#### What to do
Transcribe word for word the lines below from the line with "- viscous_form N xs \<epsilon> R R - viscous_form" through the line with "(\<Sum>j=1..N. lf_flux_minus \<alpha>", ends included.

---- Dataset records

lemma dg_energy_identity:
  assumes eqR: "dg_inner N xs Rd R + advection_form \<alpha> \<beta> N xs \<psi> R R
      - interface_form N xs (lf_flux_plus \<alpha> \<beta> N xs \<psi> R) R
      = Bform \<alpha> \<beta> N xs \<psi> R S R - viscous_form N xs \<epsilon> R R"
    and eqS: "dg_inner N xs Sd S - advection_form \<alpha> \<beta> N xs \<psi> S S
      + interface_form N xs (lf_flux_minus \<alpha> \<beta> N xs \<psi> S) S
      = Bform \<alpha> \<beta> N xs \<psi> R S S - viscous_form N xs \<epsilon> S S"
  shows "dg_inner N xs Rd R + dg_inner N xs Sd S
       = - (\<Sum>j=1..N. smax \<alpha> \<beta> N xs \<psi> j / 2 * ((jumptr N xs R j)^2 + (jumptr N xs S j)^2))
         - viscous_form N xs \<epsilon> R R - viscous_form N xs \<epsilon> S S"
proof -
  have fluxR: "interface_form N xs (lf_flux_plus \<alpha> \<beta> N xs \<psi> R) R
      = (\<Sum>j=1..N. lf_flux_plus \<alpha> \<beta> N xs \<psi> R j * (trL N xs R j - trR N xs R j))"
    by (rule interface_form_periodic) (simp add: lf_flux_plus_def cbar_def smax_def avgtr_def jumptr_def)
  have fluxS: "interface_form N xs (lf_flux_minus \<alpha> \<beta> N xs \<psi> S) S
      = (\<Sum>j=1..N. lf_flux_minus \<alpha> \<beta> N xs \<psi> S j * (trL N xs S j - trR N xs S j))"
    by (rule interface_form_periodic) (simp add: lf_flux_minus_def cbar_def smax_def avgtr_def jumptr_def)
  have "interface_form N xs (lf_flux_plus \<alpha> \<beta> N xs \<psi> R) R
      - interface_form N xs (lf_flux_minus \<alpha> \<beta> N xs \<psi> S) S
      + 1/2 * (\<Sum>j=1..N. cbar \<alpha> \<beta> N xs \<psi> j *
          (((trR N xs R j)^2 - (trL N xs R j)^2) - ((trR N xs S j)^2 - (trL N xs S j)^2)))
      = - (\<Sum>j=1..N. smax \<alpha> \<beta> N xs \<psi> j / 2 * ((jumptr N xs R j)^2 + (jumptr N xs S j)^2))"
    unfolding fluxR fluxS sum_distrib_left
      sum_subtractf[symmetric] sum.distrib[symmetric] sum_negf[symmetric]
    by (intro sum.cong refl)
       (unfold lf_flux_plus_def lf_flux_minus_def avgtr_def jumptr_def, rule lf_flux_dissipation)
  then show ?thesis
    using eqR eqS Bform_energy[of \<alpha> \<beta> N xs \<psi> R S] by linarith
qed

lemma viscous_form_self_nonneg:
  assumes "\<And>j. j \<in> {1..N} \<Longrightarrow> 0 \<le> \<epsilon> j"
  shows "0 \<le> viscous_form N xs \<epsilon> u u"
proof -
  have "0 \<le> cellint xs j (\<lambda>x. poly (pderiv (u j)) x * poly (pderiv (u j)) x)" for j
    unfolding cellint_def by (rule integral_nonneg_unconditional) simp
  then show ?thesis
    unfolding viscous_form_def using assms by (intro sum_nonneg mult_nonneg_nonneg) auto
qed

lemma dg_energy_rate_nonpos:
  assumes eqR: "dg_inner N xs Rd R + advection_form \<alpha> \<beta> N xs \<psi> R R
      - interface_form N xs (lf_flux_plus \<alpha> \<beta> N xs \<psi> R) R
      = Bform \<alpha> \<beta> N xs \<psi> R S R - viscous_form N xs \<epsilon> R R"
    and eqS: "dg_inner N xs Sd S - advection_form \<alpha> \<beta> N xs \<psi> S S
      + interface_form N xs (lf_flux_minus \<alpha> \<beta> N xs \<psi> S) S
      = Bform \<alpha> \<beta> N xs \<psi> R S S - viscous_form N xs \<epsilon> S S"
    and "0 \<le> \<alpha>" and "0 \<le> \<beta>" and \<epsilon>_nonneg: "\<And>j. j \<in> {1..N} \<Longrightarrow> 0 \<le> \<epsilon> j"
  shows "dg_inner N xs Rd R + dg_inner N xs Sd S \<le> 0"
proof -
  have jumps: "0 \<le> (\<Sum>j=1..N. smax \<alpha> \<beta> N xs \<psi> j / 2 * ((jumptr N xs R j)^2 + (jumptr N xs S j)^2))"
    by (intro sum_nonneg mult_nonneg_nonneg divide_nonneg_nonneg smax_nonneg) (use assms in auto)
  have viscous: "0 \<le> viscous_form N xs \<epsilon> u u" for u
    by (rule viscous_form_self_nonneg) (rule \<epsilon>_nonneg)
  show ?thesis
    using dg_energy_identity[OF eqR eqS] jumps viscous[of R] viscous[of S] by linarith
qed

theorem proposition2p2:
  fixes \<alpha> \<beta> C \<theta> T :: real and p N :: nat and xs :: "nat \<Rightarrow> real"
    and R S \<psi> Rd Sd \<psi>d :: "real \<Rightarrow> nat \<Rightarrow> real poly"
  assumes "\<alpha> > 0" and "\<beta> > 0" and "C > 0" and "\<theta> \<ge> 1/2"
    and mesh: "periodic_mesh N xs"
    and RX: "\<And>t. t \<in> {0..T} \<Longrightarrow> inX N p (R t)"
    and SX: "\<And>t. t \<in> {0..T} \<Longrightarrow> inX N p (S t)"
    and psiX: "\<And>t. t \<in> {0..T} \<Longrightarrow> inX N p (\<psi> t)"
    and Rdiff: "\<And>t j k. t \<in> {0..T} \<Longrightarrow> j \<in> {1..N} \<Longrightarrow>
        ((\<lambda>s. coeff (R s j) k) has_real_derivative coeff (Rd t j) k) (at t within {0..T})"
    and Sdiff: "\<And>t j k. t \<in> {0..T} \<Longrightarrow> j \<in> {1..N} \<Longrightarrow>
        ((\<lambda>s. coeff (S s j) k) has_real_derivative coeff (Sd t j) k) (at t within {0..T})"
    and psidiff: "\<And>t j k. t \<in> {0..T} \<Longrightarrow> j \<in> {1..N} \<Longrightarrow>
        ((\<lambda>s. coeff (\<psi> s j) k) has_real_derivative coeff (\<psi>d t j) k) (at t within {0..T})"
    and eqR: "\<And>t \<phi>. t \<in> {0..T} \<Longrightarrow> inX N p \<phi> \<Longrightarrow>
        (\<Sum>j=1..N. cellint xs j (\<lambda>x. poly (Rd t j) x * poly (\<phi> j) x))
      + (\<Sum>j=1..N. cellint xs j (\<lambda>x. cspeed \<alpha> \<beta> (poly (\<psi> t j) x) * poly (R t j) x * poly (pderiv (\<phi> j)) x))
      - (\<Sum>j=1..N. (cbar \<alpha> \<beta> N xs (\<psi> t) j * avgtr N xs (R t) j
                    + 1/2 * smax \<alpha> \<beta> N xs (\<psi> t) j * jumptr N xs (R t) j) * trL N xs \<phi> j)
      + (\<Sum>j=1..N. (cbar \<alpha> \<beta> N xs (\<psi> t) (j - 1) * avgtr N xs (R t) (j - 1)
                    + 1/2 * smax \<alpha> \<beta> N xs (\<psi> t) (j - 1) * jumptr N xs (R t) (j - 1)) * trR N xs \<phi> (j - 1))
      = Bform \<alpha> \<beta> N xs (\<psi> t) (R t) (S t) \<phi>
      - (\<Sum>j=1..N. visc \<alpha> \<beta> C \<theta> xs (\<psi> t) (R t) (S t) (Rd t) (Sd t) j
           * cellint xs j (\<lambda>x. poly (pderiv (R t j)) x * poly (pderiv (\<phi> j)) x))"
    and eqS: "\<And>t \<eta>. t \<in> {0..T} \<Longrightarrow> inX N p \<eta> \<Longrightarrow>
        (\<Sum>j=1..N. cellint xs j (\<lambda>x. poly (Sd t j) x * poly (\<eta> j) x))
      - (\<Sum>j=1..N. cellint xs j (\<lambda>x. cspeed \<alpha> \<beta> (poly (\<psi> t j) x) * poly (S t j) x * poly (pderiv (\<eta> j)) x))
      + (\<Sum>j=1..N. (cbar \<alpha> \<beta> N xs (\<psi> t) j * avgtr N xs (S t) j
                    - 1/2 * smax \<alpha> \<beta> N xs (\<psi> t) j * jumptr N xs (S t) j) * trL N xs \<eta> j)
      - (\<Sum>j=1..N. (cbar \<alpha> \<beta> N xs (\<psi> t) (j - 1) * avgtr N xs (S t) (j - 1)
                    - 1/2 * smax \<alpha> \<beta> N xs (\<psi> t) (j - 1) * jumptr N xs (S t) (j - 1)) * trR N xs \<eta> (j - 1))
      = Bform \<alpha> \<beta> N xs (\<psi> t) (R t) (S t) \<eta>
      - (\<Sum>j=1..N. visc \<alpha> \<beta> C \<theta> xs (\<psi> t) (R t) (S t) (Rd t) (Sd t) j
           * cellint xs j (\<lambda>x. poly (pderiv (S t j)) x * poly (pderiv (\<eta> j)) x))"
    and eqpsi: "\<And>t \<zeta>. t \<in> {0..T} \<Longrightarrow> inX N p \<zeta> \<Longrightarrow>
        (\<Sum>j=1..N. cellint xs j (\<lambda>x. poly (\<psi>d t j) x * poly (\<zeta> j) x))
      = (\<Sum>j=1..N. cellint xs j (\<lambda>x. (poly (R t j) x + poly (S t j) x) / 2 * poly (\<zeta> j) x))"
  shows "\<forall>t\<in>{0..T}. \<exists>D.
     ((\<lambda>s. \<Sum>j=1..N. cellint xs j (\<lambda>x. ((poly (R s j) x)^2 + (poly (S s j) x)^2) / 2))
        has_real_derivative D) (at t within {0..T}) \<and> D \<le> 0"
proof
  fix t assume t: "t \<in> {0..T}"
  let ?E = "\<lambda>s. \<Sum>j=1..N. cellint xs j (\<lambda>x. ((poly (R s j) x)^2 + (poly (S s j) x)^2) / 2)"
  let ?\<epsilon> = "visc \<alpha> \<beta> C \<theta> xs (\<psi> t) (R t) (S t) (Rd t) (Sd t)"
  have "dg_inner N xs (Rd t) (R t) + advection_form \<alpha> \<beta> N xs (\<psi> t) (R t) (R t)
      - interface_form N xs (lf_flux_plus \<alpha> \<beta> N xs (\<psi> t) (R t)) (R t)
      = Bform \<alpha> \<beta> N xs (\<psi> t) (R t) (S t) (R t) - viscous_form N xs ?\<epsilon> (R t) (R t)"
    using eqR[OF t RX[OF t]]
    unfolding dg_inner_def advection_form_def interface_form_def lf_flux_plus_def viscous_form_def
    by linarith
  moreover have "dg_inner N xs (Sd t) (S t) - advection_form \<alpha> \<beta> N xs (\<psi> t) (S t) (S t)
      + interface_form N xs (lf_flux_minus \<alpha> \<beta> N xs (\<psi> t) (S t)) (S t)
      = Bform \<alpha> \<beta> N xs (\<psi> t) (R t) (S t) (S t) - viscous_form N xs ?\<epsilon> (S t) (S t)"
    using eqS[OF t SX[OF t]]
    unfolding dg_inner_def advection_form_def interface_form_def lf_flux_minus_def viscous_form_def
    by linarith
  moreover have "0 \<le> ?\<epsilon> j" if "j \<in> {1..N}" for j
    using visc_nonneg \<open>C > 0\<close> periodic_mesh_cell_length_pos[OF mesh that] by (simp add: less_imp_le)
  ultimately have "dg_inner N xs (Rd t) (R t) + dg_inner N xs (Sd t) (S t) \<le> 0"
    using \<open>\<alpha> > 0\<close> \<open>\<beta> > 0\<close> by (intro dg_energy_rate_nonpos) auto
  moreover have "(?E has_real_derivative dg_inner N xs (Rd t) (R t) + dg_inner N xs (Sd t) (S t)) (at t within {0..T})"
    by (rule dg_energy_has_derivative[OF t RX SX Rdiff Sdiff]) (use t in auto)
  ultimately show "\<exists>D. (?E has_real_derivative D) (at t within {0..T}) \<and> D \<le> 0"
    by blast
qed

--------

#### Result for this task
         - viscous_form N xs \<epsilon> R R - viscous_form N xs \<epsilon> S S"
proof -
  have fluxR: "interface_form N xs (lf_flux_plus \<alpha> \<beta> N xs \<psi> R) R
      = (\<Sum>j=1..N. lf_flux_plus \<alpha> \<beta> N xs \<psi> R j * (trL N xs R j - trR N xs R j))"
    by (rule interface_form_periodic) (simp add: lf_flux_plus_def cbar_def smax_def avgtr_def jumptr_def)
  have fluxS: "interface_form N xs (lf_flux_minus \<alpha> \<beta> N xs \<psi> S) S
      = (\<Sum>j=1..N. lf_flux_minus \<alpha> \<beta> N xs \<psi> S j * (trL N xs S j - trR N xs S j))"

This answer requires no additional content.